Every record must be retyped as it stands.

### Input data

lemma op1_eq_op2:
  assumes "admissible n Q" and "1 \<le> n"
  shows "dop_mult
           (dop_mult
             (rprod n (\<lambda>a. dop_minus dop_one (dop_mult (dop_const (\<lambda>u. zbar n Q a u)) dop_D)))
             (dop_minus dop_one
                (dop_mult (dop_const (\<lambda>u. zbar n Q n u * zv n Q n (u + 1))) (dop_mult dop_D dop_D))))
           (lprod n (\<lambda>a. dop_minus dop_one (dop_mult (dop_const (\<lambda>u. zv n Q a u)) dop_D)))
       = dop_mult
           (dop_mult
             (rprod n (\<lambda>a. dop_minus (dop_const (\<lambda>u. zv n Q a (u + of_nat n + 1 - of_nat a))) dop_D))
             (dop_minus (dop_const (\<lambda>u. zbar n Q n (u - 1) * zv n Q n u)) (dop_mult dop_D dop_D)))
           (lprod n (\<lambda>a. dop_minus (dop_const (\<lambda>u. zbar n Q a (u - of_nat n - 2 + of_nat a))) dop_D))"
proof -
  define F where "F a = dop_const (\<lambda>u. Yv n Q a (u + of_nat n + 1 - of_nat a / 2))" for a
  define G where "G a = dop_const (\<lambda>u. inverse (Yv n Q a (u + of_nat a / 2)))" for a
  note nz = Yv_nonzero[OF assms(1)]
  have "F 0 = dop_one" "G 0 = dop_one"
    by (simp_all add: F_def G_def Yv_def dop_one_def)
  moreover have "dop_mult (dop_minus dop_one (dop_mult (dop_const (\<lambda>u. zbar n Q (Suc a) u)) dop_D)) (F (Suc a))
      = dop_mult (F a) (dop_minus (dop_const (\<lambda>u. zv n Q (Suc a) (u + of_nat n + 1 - of_nat (Suc a)))) dop_D)"
    if "a < n" for a
    unfolding F_def by (rule one_minus_D_gauge) (use that in \<open>simp_all add: nz zv_def zbar_def field_simps\<close>)
  moreover have "dop_mult (G (Suc a)) (dop_minus dop_one (dop_mult (dop_const (\<lambda>u. zv n Q (Suc a) u)) dop_D))
      = dop_mult (dop_minus (dop_const (\<lambda>u. zbar n Q (Suc a) (u - of_nat n - 2 + of_nat (Suc a)))) dop_D) (G a)"
    if "a < n" for a
    unfolding G_def by (rule gauge_one_minus_D) (use that in \<open>simp_all add: nz zv_def zbar_def field_simps\<close>)
  moreover have "dop_minus dop_one (dop_mult (dop_const (\<lambda>u. zbar n Q n u * zv n Q n (u + 1))) (dop_mult dop_D dop_D))
      = dop_mult (dop_mult (F n) (dop_minus (dop_const (\<lambda>u. zbar n Q n (u - 1) * zv n Q n u)) (dop_mult dop_D dop_D))) (G n)"
    unfolding F_def G_def by (rule one_minus_D2_gauge) (simp_all add: nz zv_def zbar_def field_simps)
  ultimately show ?thesis
    by (subst rprod_lprod_gauge[where F = F and G = G]) simp_all
qed

lemma epsv_xv_low: "a \<le> n \<Longrightarrow> epsv n \<epsilon> a * xv n Q a u = zv n Q a u"
  by (simp add: epsv_def xv_def)

lemma epsv_xv_high:
  assumes "1 \<le> a" and "a \<le> n"
  shows "epsv n \<epsilon> (2 * n + 3 - a) * xv n Q (2 * n + 3 - a) u = zbar n Q a u"
proof -
  have "\<not> 2 * n + 3 - a \<le> n" "2 * n + 3 - a \<noteq> n + 1" "2 * n + 3 - a \<noteq> n + 2" "2 * n + 3 - (2 * n + 3 - a) = a"
    using assms by auto
  then show ?thesis
    by (simp add: epsv_def xv_def)
qed

lemma op3_eq_op1:
  assumes "admissible n Q" and "1 \<le> n" and "\<epsilon> = 1 \<or> \<epsilon> = -1"
  shows "lprod (2 * n + 2) (\<lambda>i. dop_minus dop_one (dop_mult (dop_const (\<lambda>u. epsv n \<epsilon> i * xv n Q i u)) dop_D))
       = dop_mult
           (dop_mult
             (rprod n (\<lambda>a. dop_minus dop_one (dop_mult (dop_const (\<lambda>u. zbar n Q a u)) dop_D)))
             (dop_minus dop_one
                (dop_mult (dop_const (\<lambda>u. zbar n Q n u * zv n Q n (u + 1))) (dop_mult dop_D dop_D))))
           (lprod n (\<lambda>a. dop_minus dop_one (dop_mult (dop_const (\<lambda>u. zv n Q a u)) dop_D)))"
    (is "lprod _ ?X = _")
proof -
  have eps: "of_int \<epsilon> * (of_int \<epsilon> * c) = c" for c :: 'a
    using assms(3) by auto
  have "?X (2 * n + 3 - a) = dop_minus dop_one (dop_mult (dop_const (\<lambda>u. zbar n Q a u)) dop_D)"
    if "1 \<le> a" "a \<le> n" for a
    by (simp add: epsv_xv_high[OF that])
  moreover have "dop_mult (?X (n + 2)) (?X (n + 1))
      = dop_minus dop_one (dop_mult (dop_const (\<lambda>u. zbar n Q n u * zv n Q n (u + 1))) (dop_mult dop_D dop_D))"
    by (rule one_minus_D_mult_one_minus_D)
      (simp_all add: xv_def epsv_def eps xmid_mult_shift[OF assms(1,2), symmetric])
  moreover have "?X a = dop_minus dop_one (dop_mult (dop_const (\<lambda>u. zv n Q a u)) dop_D)"
    if "1 \<le> a" "a \<le> n" for a
    using that by (simp add: epsv_xv_low)
  ultimately show ?thesis
    unfolding lprod_split_middle by (simp cong: rprod_cong lprod_cong)
qed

######

### Response to this task
lemma op1_eq_op2:
  assumes "admissible n Q" and "1 \<le> n"
  shows "dop_mult
           (dop_mult
             (rprod n (\<lambda>a. dop_minus dop_one (dop_mult (dop_const (\<lambda>u. zbar n Q a u)) dop_D)))
             (dop_minus dop_one
                (dop_mult (dop_const (\<lambda>u. zbar n Q n u * zv n Q n (u + 1))) (dop_mult dop_D dop_D))))
           (lprod n (\<lambda>a. dop_minus dop_one (dop_mult (dop_const (\<lambda>u. zv n Q a u)) dop_D)))
       = dop_mult
           (dop_mult
             (rprod n (\<lambda>a. dop_minus (dop_const (\<lambda>u. zv n Q a (u + of_nat n + 1 - of_nat a))) dop_D))
             (dop_minus (dop_const (\<lambda>u. zbar n Q n (u - 1) * zv n Q n u)) (dop_mult dop_D dop_D)))
           (lprod n (\<lambda>a. dop_minus (dop_const (\<lambda>u. zbar n Q a (u - of_nat n - 2 + of_nat a))) dop_D))"
proof -
  define F where "F a = dop_const (\<lambda>u. Yv n Q a (u + of_nat n + 1 - of_nat a / 2))" for a
  define G where "G a = dop_const (\<lambda>u. inverse (Yv n Q a (u + of_nat a / 2)))" for a
  note nz = Yv_nonzero[OF assms(1)]
  have "F 0 = dop_one" "G 0 = dop_one"
    by (simp_all add: F_def G_def Yv_def dop_one_def)
  moreover have "dop_mult (dop_minus dop_one (dop_mult (dop_const (\<lambda>u. zbar n Q (Suc a) u)) dop_D)) (F (Suc a))
      = dop_mult (F a) (dop_minus (dop_const (\<lambda>u. zv n Q (Suc a) (u + of_nat n + 1 - of_nat (Suc a)))) dop_D)"
    if "a < n" for a
    unfolding F_def by (rule one_minus_D_gauge) (use that in \<open>simp_all add: nz zv_def zbar_def field_simps\<close>)
  moreover have "dop_mult (G (Suc a)) (dop_minus dop_one (dop_mult (dop_const (\<lambda>u. zv n Q (Suc a) u)) dop_D))
      = dop_mult (dop_minus (dop_const (\<lambda>u. zbar n Q (Suc a) (u - of_nat n - 2 + of_nat (Suc a)))) dop_D) (G a)"
    if "a < n" for a
    unfolding G_def by (rule gauge_one_minus_D) (use that in \<open>simp_all add: nz zv_def zbar_def field_simps\<close>)
  moreover have "dop_minus dop_one (dop_mult (dop_const (\<lambda>u. zbar n Q n u * zv n Q n (u + 1))) (dop_mult dop_D dop_D))
      = dop_mult (dop_mult (F n) (dop_minus (dop_const (\<lambda>u. zbar n Q n (u - 1) * zv n Q n u)) (dop_mult dop_D dop_D))) (G n)"
    unfolding F_def G_def by (rule one_minus_D2_gauge) (simp_all add: nz zv_def zbar_def field_simps)
  ultimately show ?thesis
    by (subst rprod_lprod_gauge[where F = F and G = G]) simp_all
qed

lemma epsv_xv_low: "a \<le> n \<Longrightarrow> epsv n \<epsilon> a * xv n Q a u = zv n Q a u"
  by (simp add: epsv_def xv_def)

lemma epsv_xv_high:
  assumes "1 \<le> a" and "a \<le> n"
  shows "epsv n \<epsilon> (2 * n + 3 - a) * xv n Q (2 * n + 3 - a) u = zbar n Q a u"
proof -
  have "\<not> 2 * n + 3 - a \<le> n" "2 * n + 3 - a \<noteq> n + 1" "2 * n + 3 - a \<noteq> n + 2" "2 * n + 3 - (2 * n + 3 - a) = a"
    using assms by auto
  then show ?thesis
    by (simp add: epsv_def xv_def)
qed

lemma op3_eq_op1:
  assumes "admissible n Q" and "1 \<le> n" and "\<epsilon> = 1 \<or> \<epsilon> = -1"
  shows "lprod (2 * n + 2) (\<lambda>i. dop_minus dop_one (dop_mult (dop_const (\<lambda>u. epsv n \<epsilon> i * xv n Q i u)) dop_D))
       = dop_mult
           (dop_mult
             (rprod n (\<lambda>a. dop_minus dop_one (dop_mult (dop_const (\<lambda>u. zbar n Q a u)) dop_D)))
             (dop_minus dop_one
                (dop_mult (dop_const (\<lambda>u. zbar n Q n u * zv n Q n (u + 1))) (dop_mult dop_D dop_D))))
           (lprod n (\<lambda>a. dop_minus dop_one (dop_mult (dop_const (\<lambda>u. zv n Q a u)) dop_D)))"
    (is "lprod _ ?X = _")
proof -
  have eps: "of_int \<epsilon> * (of_int \<epsilon> * c) = c" for c :: 'a
    using assms(3) by auto
  have "?X (2 * n + 3 - a) = dop_minus dop_one (dop_mult (dop_const (\<lambda>u. zbar n Q a u)) dop_D)"
    if "1 \<le> a" "a \<le> n" for a
    by (simp add: epsv_xv_high[OF that])
  moreover have "dop_mult (?X (n + 2)) (?X (n + 1))
      = dop_minus dop_one (dop_mult (dop_const (\<lambda>u. zbar n Q n u * zv n Q n (u + 1))) (dop_mult dop_D dop_D))"
    by (rule one_minus_D_mult_one_minus_D)
      (simp_all add: xv_def epsv_def eps xmid_mult_shift[OF assms(1,2), symmetric])
  moreover have "?X a = dop_minus dop_one (dop_mult (dop_const (\<lambda>u. zv n Q a u)) dop_D)"
    if "1 \<le> a" "a \<le> n" for a
    using that by (simp add: epsv_xv_low)
  ultimately show ?thesis
    unfolding lprod_split_middle by (simp cong: rprod_cong lprod_cong)
qed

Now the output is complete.